lemma momentum_equation_shift_iff:
  fixes F v Om Ga :: "real \<Rightarrow> real^3"
  assumes v: "(v has_vector_derivative v') (at t)"
  shows "(F has_vector_derivative
            F t \<times> Om t + (- c) *\<^sub>R Ga t
            + (vector_derivative (\<lambda>s. F s - (F s + k *\<^sub>R v s)) (at t)
               - (F t - (F t + k *\<^sub>R v t)) \<times> Om t + c *\<^sub>R Ga t)) (at t)
     \<longleftrightarrow> ((\<lambda>s. F s + k *\<^sub>R v s) has_vector_derivative (F t + k *\<^sub>R v t) \<times> Om t) (at t)"
proof -
  have kv: "((\<lambda>s. k *\<^sub>R v s) has_vector_derivative k *\<^sub>R v') (at t)"
    by (rule bounded_linear.has_vector_derivative[OF bounded_linear_scaleR_right v])
  have "((\<lambda>s. F s - (F s + k *\<^sub>R v s)) has_vector_derivative - (k *\<^sub>R v')) (at t)"
    using has_vector_derivative_minus[OF kv] by simp
  then have u: "vector_derivative (\<lambda>s. F s - (F s + k *\<^sub>R v s)) (at t) = - (k *\<^sub>R v')"
    by (rule vector_derivative_at)
  define E where "E = F t \<times> Om t + k *\<^sub>R (v t \<times> Om t) - k *\<^sub>R v'"
  have lhs: "F t \<times> Om t + (- c) *\<^sub>R Ga t
            + (vector_derivative (\<lambda>s. F s - (F s + k *\<^sub>R v s)) (at t)
               - (F t - (F t + k *\<^sub>R v t)) \<times> Om t + c *\<^sub>R Ga t) = E"
    unfolding u by (simp add: E_def cross_mult_left)
  have rhs: "(F t + k *\<^sub>R v t) \<times> Om t = E + k *\<^sub>R v'"
    by (simp add: E_def cross_add_left cross_mult_left)
  have "(F has_vector_derivative E) (at t)
        \<longleftrightarrow> ((\<lambda>s. F s + k *\<^sub>R v s) has_vector_derivative E + k *\<^sub>R v') (at t)"
  proof
    assume "(F has_vector_derivative E) (at t)"
    then show "((\<lambda>s. F s + k *\<^sub>R v s) has_vector_derivative E + k *\<^sub>R v') (at t)"
      using kv by (rule has_vector_derivative_add)
  next
    assume "((\<lambda>s. F s + k *\<^sub>R v s) has_vector_derivative E + k *\<^sub>R v') (at t)"
    from has_vector_derivative_diff[OF this kv] show "(F has_vector_derivative E) (at t)"
      by simp
  qed
  then show ?thesis by (simp only: lhs rhs)
qed

lemma controlled_eqs_iff_free_eqs:
  fixes L :: "real^3 \<Rightarrow> real^3 \<Rightarrow> real^3 \<Rightarrow> real \<Rightarrow> real"
    and Lc :: "real^3 \<Rightarrow> real^3 \<Rightarrow> real^3 \<Rightarrow> real"
  assumes shift: "\<And>W X Gm y. Lc W X Gm = L W X Gm y + c * y + k / 2 * (X \<bullet> X)"
    and grad_v: "\<And>W X Gm y. \<exists>D. GDERIV (\<lambda>X. L W X Gm y) X :> D"
    and v: "\<And>t. t \<in> T \<Longrightarrow> v differentiable at t"
  shows "controlled_eqs L Lc c T Om v Ga h \<longleftrightarrow> free_eqs Lc T Om v Ga"
proof -
  have gO: "grad (\<lambda>X. Lc X (v t) (Ga t)) (Om t) = grad (\<lambda>X. L X (v t) (Ga t) (h t)) (Om t)" for t
    by (simp add: shift[where y = "h t"] add.assoc grad_add_const)
  have gG: "grad (\<lambda>X. Lc (Om t) (v t) X) (Ga t) = grad (\<lambda>X. L (Om t) (v t) X (h t)) (Ga t)" for t
    by (simp add: shift[where y = "h t"] add.assoc grad_add_const)
  have gv: "grad (\<lambda>X. Lc (Om t) X (Ga t)) (v t)
            = grad (\<lambda>X. L (Om t) X (Ga t) (h t)) (v t) + k *\<^sub>R v t" for t
  proof -
    obtain D where "GDERIV (\<lambda>X. L (Om t) X (Ga t) (h t)) (v t) :> D"
      using grad_v by blast
    then have "GDERIV (\<lambda>X. L (Om t) X (Ga t) (h t) + c * h t) (v t) :> D"
      unfolding gderiv_def by (rule has_derivative_add_const)
    then have "grad (\<lambda>X. L (Om t) X (Ga t) (h t) + c * h t + k / 2 * (X \<bullet> X)) (v t)
               = grad (\<lambda>X. L (Om t) X (Ga t) (h t) + c * h t) (v t) + k *\<^sub>R v t"
      by (rule grad_add_half_inner_self)
    then show ?thesis
      by (simp only: shift[where y = "h t"] grad_add_const)
  qed
  \<comment> \<open>The shift forces L to be affine in h with slope - c.\<close>
  have dh: "deriv (\<lambda>y. L (Om t) (v t) (Ga t) y) (h t) = - c" for t
  proof -
    have "L (Om t) (v t) (Ga t) y = Lc (Om t) (v t) (Ga t) - c * y - k / 2 * (v t \<bullet> v t)" for y
      by (simp add: shift[where y = y])
    then have "((\<lambda>y. L (Om t) (v t) (Ga t) y) has_real_derivative - c) (at (h t))"
      by (simp only:) (auto intro!: derivative_eq_intros)
    then show ?thesis by (rule DERIV_imp_deriv)
  qed
  have cross_v: "(F + k *\<^sub>R v t) \<times> v t = F \<times> v t" for F t
    by (simp add: cross_add_left cross_mult_left)
  show ?thesis
    unfolding controlled_eqs_def free_eqs_def Let_def
    apply (simp only: gO gG gv dh cross_v)
    apply (intro ball_cong[OF refl] conj_cong refl)
    apply (rule momentum_equation_shift_iff)
    using v by (simp add: vector_derivative_works)
qed

lemma ell_c_eq_ell:
  assumes "m + M \<noteq> 0" "invertible \<rho>" "invertible \<sigma>"
    and "\<rho> - G_vv m M = k *\<^sub>R mat 1"
    and "\<tau> = (matrix_inv \<rho> - matrix_inv (G_vv m M)) ** G_vO m l chi"
    and "matrix_inv \<sigma> = matrix_inv (G_vv m M) - matrix_inv \<rho>"
  shows "ell_c I1 I2 I3 m M l g chi \<tau> \<sigma> \<rho> W X Gm
         = ell I1 I2 I3 m M l g chi W X Gm y + (m + M) * g * y + k / 2 * (X \<bullet> X)"
  by (simp add: ell_c_def ell_def Kin_c_eq_Kin[OF assms] algebra_simps)
lemma overlap_norm_reaches_within_time_scale:
  assumes k: "1 \<le> k" and A_nonneg: "\<And>j j'. j < k \<Longrightarrow> j' < k \<Longrightarrow> 0 \<le> A j j'"
    and A_diag: "\<And>j. j < k \<Longrightarrow> A j j = 1" and \<alpha>: "0 < \<alpha>"
  shows "\<exists>C>0. \<forall>\<^sub>F d in sequentially. \<forall>V w. small_init_flow c k A \<alpha> \<beta> d V w \<longrightarrow>
           (\<exists>T. 0 \<le> T \<and> T \<le> C * time_scale q d \<and> 1 / (2 * real k) \<le> u_norm k V d (w T))"
proof -
  obtain a b where a: "0 < a"
    and G: "\<And>d. 0 < d \<Longrightarrow> growth_potential q (real k * \<alpha> / sqrt (real d)) = b - a * time_scale q d"
    using growth_potential_scaled[OF exponent_ge2, of "real k * \<alpha>"] k \<alpha> by auto
  define C where "C = 2 * a / sum_growth k"
  have C: "0 < C"
    unfolding C_def using a sum_growth_pos[OF k] by simp
  have "\<forall>\<^sub>F d in sequentially. \<forall>V w. small_init_flow c k A \<alpha> \<beta> d V w \<longrightarrow>
           (\<exists>T. 0 \<le> T \<and> T \<le> C * time_scale q d \<and> 1 / (2 * real k) \<le> u_norm k V d (w T))"
  proof (rule eventually_mono[OF eventually_time_scale_gt], intro allI impI)
    fix d V w
    assume d: "(growth_potential q (1/2) - b) / a < time_scale q d \<and> 0 < d"
      and flow: "small_init_flow c k A \<alpha> \<beta> d V w"
    have "sum_growth k * (C * time_scale q d) = 2 * (a * time_scale q d)"
      unfolding C_def using sum_growth_pos[OF k] by simp
    moreover have "growth_potential q (1/2) < b + a * time_scale q d"
      using d a by (simp add: pos_divide_less_eq algebra_simps)
    moreover have "growth_potential q (real k * \<alpha> / sqrt (real d)) = b - a * time_scale q d"
      using G d by blast
    ultimately have "growth_potential q (1/2)
        < growth_potential q (real k * \<alpha> / sqrt (real d)) + sum_growth k * (C * time_scale q d)"
      by linarith
    then show "\<exists>T. 0 \<le> T \<and> T \<le> C * time_scale q d \<and> 1 / (2 * real k) \<le> u_norm k V d (w T)"
      using flow_overlap_norm_escapes[OF k A_nonneg A_diag \<alpha> _ flow] C time_scale_nonneg d by simp
  qed
  with C show ?thesis by blast
qed

lemma overlap_norm_small_before_time_scale:
  assumes k: "1 \<le> k" and A_nonneg: "\<And>j j'. j < k \<Longrightarrow> j' < k \<Longrightarrow> 0 \<le> A j j'"
    and A_diag: "\<And>j. j < k \<Longrightarrow> A j j = 1" and \<alpha>: "0 < \<alpha>" "\<alpha> \<le> \<beta>" and \<epsilon>: "0 < \<epsilon>"
  shows "\<exists>c'>0. \<forall>\<^sub>F d in sequentially. \<forall>V w. small_init_flow c k A \<alpha> \<beta> d V w \<longrightarrow>
           (\<forall>t. 0 \<le> t \<and> t \<le> c' * time_scale q d \<longrightarrow> u_norm k V d (w t) < \<epsilon>)"
proof -
  define e where "e = min \<epsilon> (1/2)"
  have e: "0 < e" "e \<le> 1/2" "e \<le> \<epsilon>"
    using \<epsilon> unfolding e_def by auto
  obtain a b where a: "0 < a" and G: "\<And>d. 0 < d \<Longrightarrow>
      growth_potential q (sqrt (2 * real k) * \<beta> / sqrt (real d)) = b - a * time_scale q d"
    using growth_potential_scaled[OF exponent_ge2, of "sqrt (2 * real k) * \<beta>"] k \<alpha> by auto
  have K: "0 < norm_growth k A"
    using A_nonneg by (rule norm_growth_pos)
  define c' where "c' = a / norm_growth k A"
  have c': "0 < c'"
    unfolding c'_def using a K by simp
  have "\<forall>\<^sub>F d in sequentially. \<forall>V w. small_init_flow c k A \<alpha> \<beta> d V w \<longrightarrow>
           (\<forall>t. 0 \<le> t \<and> t \<le> c' * time_scale q d \<longrightarrow> u_norm k V d (w t) < \<epsilon>)"
  proof (rule eventually_mono[OF eventually_time_scale_gt], intro allI impI)
    fix d V w t
    assume d: "2 * (b - growth_potential q e) / a < time_scale q d \<and> 0 < d"
      and flow: "small_init_flow c k A \<alpha> \<beta> d V w" and t: "0 \<le> t \<and> t \<le> c' * time_scale q d"
    have "norm_growth k A / 2 * (c' * time_scale q d) = (a * time_scale q d) / 2"
      unfolding c'_def using K by simp
    moreover have "b - growth_potential q e < (a * time_scale q d) / 2"
      using d a by (simp add: pos_divide_less_eq mult.commute)
    moreover have "growth_potential q (sqrt (2 * real k) * \<beta> / sqrt (real d)) = b - a * time_scale q d"
      using G d by blast
    ultimately have "growth_potential q (sqrt (2 * real k) * \<beta> / sqrt (real d))
        + norm_growth k A / 2 * (c' * time_scale q d) < growth_potential q e"
      by linarith
    then have "u_norm k V d (w t) < e"
      using flow_overlap_norm_stays_below[OF k A_nonneg A_diag \<alpha> _ flow e(1,2)] d t by blast
    with e(3) show "u_norm k V d (w t) < \<epsilon>"
      by simp
  qed
  with c' show ?thesis by blast
qed
(* Let $\tau>0$, let $W:\mathbb{R}^n\to\mathbb{R}$ be a continuous positive definite function, and let $V:\mathbb{R}^n\to\mathbb{R}$ be a continuous function for which there exist class-$\mathcal{K}_\infty$ functions $\kappa_1,\kappa_2$ with $\kappa_1(|x|)\le V(x)\le\kappa_2(|x|)$ for all $x\in\mathbb{R}^n$. Then there exist a function $K_c$ of class $\mathcal{K}_\infty$ and a function $K_d$, positive, continuous and increasing on $[0,+\infty)$, such that for all $x\in\mathbb{R}^n$ and all $z\ge0$, $$\frac{K_c(V(x)+z)}{K_d(V(x)+z)}\le\frac12W(x)+\frac{1}{4\tau}z.$$
   Context: $|\cdot|$ is the Euclidean norm. A class-$\mathcal{K}_\infty$ function is a continuous function $[0,\infty)\to[0,\infty)$ that is zero at zero, strictly increasing and unbounded. *)

theory Defs
  imports "HOL-Analysis.Analysis"
begin

definition class_Kinf :: "(real \<Rightarrow> real) \<Rightarrow> bool" where
  "class_Kinf k \<longleftrightarrow> continuous_on {0..} k \<and> (\<forall>s\<ge>0. k s \<ge> 0) \<and> k 0 = 0
     \<and> strict_mono_on {0..} k \<and> (\<forall>M. \<exists>s\<ge>0. M < k s)"

definition pos_definite :: "('a::real_normed_vector \<Rightarrow> real) \<Rightarrow> bool" where
  "pos_definite W \<longleftrightarrow> W 0 = 0 \<and> (\<forall>x. x \<noteq> 0 \<longrightarrow> W x > 0)"

end

theory Submission
  imports Defs
begin

text \<open>
  Let \<open>m(s)\<close> be the infimum of \<open>W x / 2 + z / (4\<tau>)\<close> over all \<open>x\<close>, \<open>z \<ge> 0\<close> with \<open>V x + z = s\<close>.
  Since \<open>V\<close> is radially unbounded, the sets \<open>{x. r \<le> V x \<le> r'}\<close> are compact, so \<open>W\<close> has a
  positive minimum on them when \<open>r > 0\<close>; hence \<open>m\<close> is bounded away from zero on every compact
  subinterval of \<open>(0, \<infinity>)\<close>. It then suffices to find \<open>Kc \<in> \<K>\<^sub>\<infinity>\<close> and an increasing
  \<open>Kd \<ge> 1\<close> with \<open>Kc \<le> m \<cdot> Kd\<close>. Inf-convolution of \<open>m\<close> with the 1-Lipschitz penalties
  \<open>max 0 (s - t)\<close> on \<open>(0, 1]\<close> and \<open>max 0 (t - s)\<close> on \<open>[1, \<infinity>)\<close> yields continuous minorants
  \<open>a\<close> (nondecreasing) and \<open>b\<close> (nonincreasing) of \<open>m\<close>, positive where needed, and
  \<open>Kc s = s \<cdot> a (min s 1)\<close>, \<open>Kd s = (1 + s) (1 + (1 + a 1) / b (max s 1))\<close> do the job.
\<close>

definition inf_conv :: "(real \<Rightarrow> real) \<Rightarrow> (real \<Rightarrow> real \<Rightarrow> real) \<Rightarrow> real set \<Rightarrow> real \<Rightarrow> real"
  where "inf_conv m d T s = (INF t\<in>T. m t + d s t)"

*What this task involves*.
Filter the material for the word "from" and copy each matching line.

*Exercise result*.
    from has_vector_derivative_diff[OF this kv] show "(F has_vector_derivative E) (at t)"
  positive minimum on them when \<open>r > 0\<close>; hence \<open>m\<close> is bounded away from zero on every compact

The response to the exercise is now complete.